*** Opening of DATASET RECORDS ***

text \<open>Here X1 = -\<xi>/r and X2 = 1 - (\<xi> + \<rho>\<eta>)/r with \<rho> = sqrt (2 r), so real cross-ratios force
  \<xi>, \<eta> to be real, and the null condition 2 \<xi> + \<eta>^2 = 0 becomes (1 + X1 - X2)^2 = 4 X1.\<close>
lemma cross_ratios_standard_position:
  fixes r :: real and \<xi> \<eta> :: complex
  defines "p3 \<equiv> vec3 (- of_real r) (of_real (sqrt (2 * r))) 1" and "p4 \<equiv> vec3 \<xi> \<eta> 1"
  assumes "r > 0" and null: "herm p4 p4 = 0"
    and X1_def: "X1 = cross_ratio (vec3 1 0 0) (vec3 0 0 1) p3 p4"
    and X2_def: "X2 = cross_ratio (vec3 1 0 0) p3 (vec3 0 0 1) p4"
    and "X1 \<in> \<real>" "X2 \<in> \<real>" "X1 \<noteq> 0" "X2 \<noteq> 0"
  shows "\<xi> \<in> \<real>" "\<eta> \<in> \<real>" "Re X1 > 0" "Re X2 > 0"
    "- 2 * (Re X1 + Re X2) - 2 * Re X1 * Re X2 + (Re X1)\<^sup>2 + (Re X2)\<^sup>2 + 1 = 0"
proof -
  define \<rho> where "\<rho> = sqrt (2 * r)"
  have X1: "X1 = - \<xi> / of_real r" and X2: "X2 = 1 - (\<xi> + of_real \<rho> * \<eta>) / of_real r"
    using \<open>r > 0\<close> by (simp_all add: X1_def X2_def p3_def p4_def \<rho>_def cross_ratio_def field_simps)
  have "\<xi> = - of_real r * X1" using \<open>r > 0\<close> by (simp add: X1)
  then show "\<xi> \<in> \<real>" using \<open>X1 \<in> \<real>\<close> by simp
  then obtain x where \<xi>: "\<xi> = of_real x" by (rule Reals_cases)
  have "\<eta> = (of_real r * (1 - X2) - \<xi>) / of_real \<rho>"
    using \<open>r > 0\<close> by (simp add: X2 \<rho>_def field_simps)
  then show "\<eta> \<in> \<real>" using \<open>X2 \<in> \<real>\<close> \<open>\<xi> \<in> \<real>\<close> by simp
  then obtain y where \<eta>: "\<eta> = of_real y" by (rule Reals_cases)
  have "of_real (2 * x + y\<^sup>2) = (0 :: complex)" using null by (simp add: p4_def \<xi> \<eta> power2_eq_square)
  then have null_xy: "2 * x + y\<^sup>2 = 0" by (simp only: of_real_eq_0_iff)
  have ReX1: "Re X1 = - x / r" and ReX2: "Re X2 = 1 - (x + \<rho> * y) / r"
    by (simp_all add: X1 X2 \<xi> \<eta> flip: of_real_mult of_real_add)
  have "(1 + Re X1 - Re X2)\<^sup>2 = \<rho>\<^sup>2 * y\<^sup>2 / r\<^sup>2"
    by (simp add: ReX1 ReX2 power_divide power_mult_distrib diff_divide_distrib add_divide_distrib)
  also have "\<dots> = 4 * Re X1"
    using \<open>r > 0\<close> null_xy by (simp add: \<rho>_def ReX1 power2_eq_square field_simps)
  finally have sq: "(1 + Re X1 - Re X2)\<^sup>2 = 4 * Re X1" .
  have "Re X1 \<noteq> 0" "Re X2 \<noteq> 0"
    using \<open>X1 \<in> \<real>\<close> \<open>X2 \<in> \<real>\<close> \<open>X1 \<noteq> 0\<close> \<open>X2 \<noteq> 0\<close>
    by (auto simp: complex_eq_iff complex_is_Real_iff)
  from quadratic_relation_of_square_eq[OF sq this]
  show "Re X1 > 0" "Re X2 > 0"
    "- 2 * (Re X1 + Re X2) - 2 * Re X1 * Re X2 + (Re X1)\<^sup>2 + (Re X2)\<^sup>2 + 1 = 0" by simp_all
qed

lemma common_Rcircle_of_cartan_zero:
  assumes null: "null_lift P1" "null_lift P2" "null_lift P3" "null_lift P4"
    and h12: "herm P1 P2 \<noteq> 0" and h23: "herm P2 P3 \<noteq> 0" and h31: "herm P3 P1 \<noteq> 0"
    and h41: "herm P4 P1 \<noteq> 0" and h42: "herm P4 P2 \<noteq> 0" and h43: "herm P4 P3 \<noteq> 0"
    and "cartan P1 P2 P3 = 0"
    and X1_def: "X1 = cross_ratio P1 P2 P3 P4" and X2_def: "X2 = cross_ratio P1 P3 P2 P4"
    and "X1 \<in> \<real>" "X2 \<in> \<real>"
  shows "\<exists>g. unitary21 g \<and> on_Rcircle g P1 \<and> on_Rcircle g P2 \<and> on_Rcircle g P3 \<and> on_Rcircle g P4"
    and "Re X1 > 0" "Re X2 > 0" "- 2 * (Re X1 + Re X2) - 2 * Re X1 * Re X2 + (Re X1)\<^sup>2 + (Re X2)\<^sup>2 + 1 = 0"
proof -
  obtain g c1 c2 r where g: "unitary21 g" and "c1 \<noteq> 0" "c2 \<noteq> 0" "r > 0"
    and P1: "P1 = c1 *s (g *v vec3 1 0 0)" and P2: "P2 = c2 *s (g *v vec3 0 0 1)"
    and P3: "P3 = g *v vec3 (- of_real r) (of_real (sqrt (2 * r))) 1"
    using cartan_zero_standard_position[OF null(1-3) h12 h23 h31 \<open>cartan P1 P2 P3 = 0\<close>] .
  have "herm P4 (g *v vec3 1 0 0) \<noteq> 0" using h41 by (simp add: P1 herm_sesquilinear)
  then obtain z \<xi> \<eta> where "z \<noteq> 0" and P4: "P4 = z *s (g *v vec3 \<xi> \<eta> 1)"
    and null4: "herm (vec3 \<xi> \<eta> 1) (vec3 \<xi> \<eta> 1) = 0"
    using null_lift_affine_chart[OF g null(4)] by blast
  define p3 where "p3 = vec3 (- of_real r) (of_real (sqrt (2 * r))) 1"
  have P3': "P3 = 1 *s (g *v p3)" by (simp add: P3 p3_def)
  have X1: "X1 = cross_ratio (vec3 1 0 0) (vec3 0 0 1) p3 (vec3 \<xi> \<eta> 1)"
    and X2: "X2 = cross_ratio (vec3 1 0 0) p3 (vec3 0 0 1) (vec3 \<xi> \<eta> 1)"
    unfolding X1_def X2_def P1 P2 P3' P4
    by (rule cross_ratio_unitary_scale[OF g]; use \<open>c1 \<noteq> 0\<close> \<open>c2 \<noteq> 0\<close> \<open>z \<noteq> 0\<close> in simp)+
  have "X1 \<noteq> 0" "X2 \<noteq> 0"
    using h12 h23 h31 h41 h42 h43 herm_cnj_commute[of P1 P2] herm_cnj_commute[of P2 P3]
    by (auto simp: X1_def X2_def cross_ratio_def)
  note standard =
    cross_ratios_standard_position[OF \<open>r > 0\<close> null4 X1[unfolded p3_def] X2[unfolded p3_def]
      \<open>X1 \<in> \<real>\<close> \<open>X2 \<in> \<real>\<close> this]
  then show "Re X1 > 0" "Re X2 > 0"
    "- 2 * (Re X1 + Re X2) - 2 * Re X1 * Re X2 + (Re X1)\<^sup>2 + (Re X2)\<^sup>2 + 1 = 0"
    by simp_all
  show "\<exists>g. unitary21 g \<and> on_Rcircle g P1 \<and> on_Rcircle g P2 \<and> on_Rcircle g P3 \<and> on_Rcircle g P4"
  proof (intro exI conjI)
    show "unitary21 g" by (fact g)
    show "on_Rcircle g P1"
      by (rule on_RcircleI[where v = "vec3 1 0 0" and c = c1]) (simp_all add: P1 \<open>c1 \<noteq> 0\<close>)
    show "on_Rcircle g P2"
      by (rule on_RcircleI[where v = "vec3 0 0 1" and c = c2]) (simp_all add: P2 \<open>c2 \<noteq> 0\<close>)
    show "on_Rcircle g P3"
      by (rule on_RcircleI[where v = p3 and c = 1])
        (use \<open>r > 0\<close> in \<open>simp_all add: P3 p3_def flip: of_real_mult, simp\<close>)
    show "on_Rcircle g P4"
      by (rule on_RcircleI[where v = "vec3 \<xi> \<eta> 1" and c = z])
        (use null4 standard in \<open>simp_all add: P4 \<open>z \<noteq> 0\<close>\<close>)
  qed
qed

theorem theorem3p3:
  fixes P1 P2 P3 P4 :: "complex^3"
  assumes "null_lift P1" "null_lift P2" "null_lift P3" "null_lift P4"
    and "\<not> same_point P1 P2" "\<not> same_point P1 P3" "\<not> same_point P1 P4"
    and "\<not> same_point P2 P3" "\<not> same_point P2 P4" "\<not> same_point P3 P4"
  shows "(\<exists>g. unitary21 g \<and> on_Rcircle g P1 \<and> on_Rcircle g P2 \<and>
                 on_Rcircle g P3 \<and> on_Rcircle g P4)
    \<longleftrightarrow>
    (cartan P1 P2 P3 = 0 \<and>
     (let X1 = cross_ratio P1 P2 P3 P4; X2 = cross_ratio P1 P3 P2 P4 in
        X1 \<in> \<real> \<and> X2 \<in> \<real> \<and> Re X1 > 0 \<and> Re X2 > 0 \<and>
        - 2 * (Re X1 + Re X2) - 2 * Re X1 * Re X2 + (Re X1)\<^sup>2 + (Re X2)\<^sup>2 + 1 = 0))"
proof -
  have nonorth: "herm P1 P2 \<noteq> 0" "herm P2 P3 \<noteq> 0" "herm P3 P1 \<noteq> 0"
    "herm P4 P1 \<noteq> 0" "herm P4 P2 \<noteq> 0" "herm P4 P3 \<noteq> 0"
    using herm_nonzero_if_not_same_point(1)[OF assms(1,2,5)] herm_nonzero_if_not_same_point(1)[OF assms(2,3,8)]
      herm_nonzero_if_not_same_point(2)[OF assms(1,3,6)] herm_nonzero_if_not_same_point(2)[OF assms(1,4,7)]
      herm_nonzero_if_not_same_point(2)[OF assms(2,4,9)] herm_nonzero_if_not_same_point(2)[OF assms(3,4,10)]
    by simp_all
  show ?thesis unfolding Let_def
    using common_Rcircle_of_cartan_zero[OF assms(1-4) nonorth _ refl refl]
      on_common_Rcircle_invariants[OF _ _ _ _ _ nonorth(1-3)]
    by blast
qed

*** Close of DATASET RECORDS ***

* _TASK BRIEF_
All lines above between those holding "X2)\<^sup>2 = \<rho>\<^sup>2" and "using \<open>X1 \<in> \<real>\<close> \<open>X2", inclusive, must be set down unchanged, and no other line may be included.

* _COMPLETED EXERCISE_
  have "(1 + Re X1 - Re X2)\<^sup>2 = \<rho>\<^sup>2 * y\<^sup>2 / r\<^sup>2"
    by (simp add: ReX1 ReX2 power_divide power_mult_distrib diff_divide_distrib add_divide_distrib)
  also have "\<dots> = 4 * Re X1"
    using \<open>r > 0\<close> null_xy by (simp add: \<rho>_def ReX1 power2_eq_square field_simps)
  finally have sq: "(1 + Re X1 - Re X2)\<^sup>2 = 4 * Re X1" .
  have "Re X1 \<noteq> 0" "Re X2 \<noteq> 0"
    using \<open>X1 \<in> \<real>\<close> \<open>X2 \<in> \<real>\<close> \<open>X1 \<noteq> 0\<close> \<open>X2 \<noteq> 0\<close>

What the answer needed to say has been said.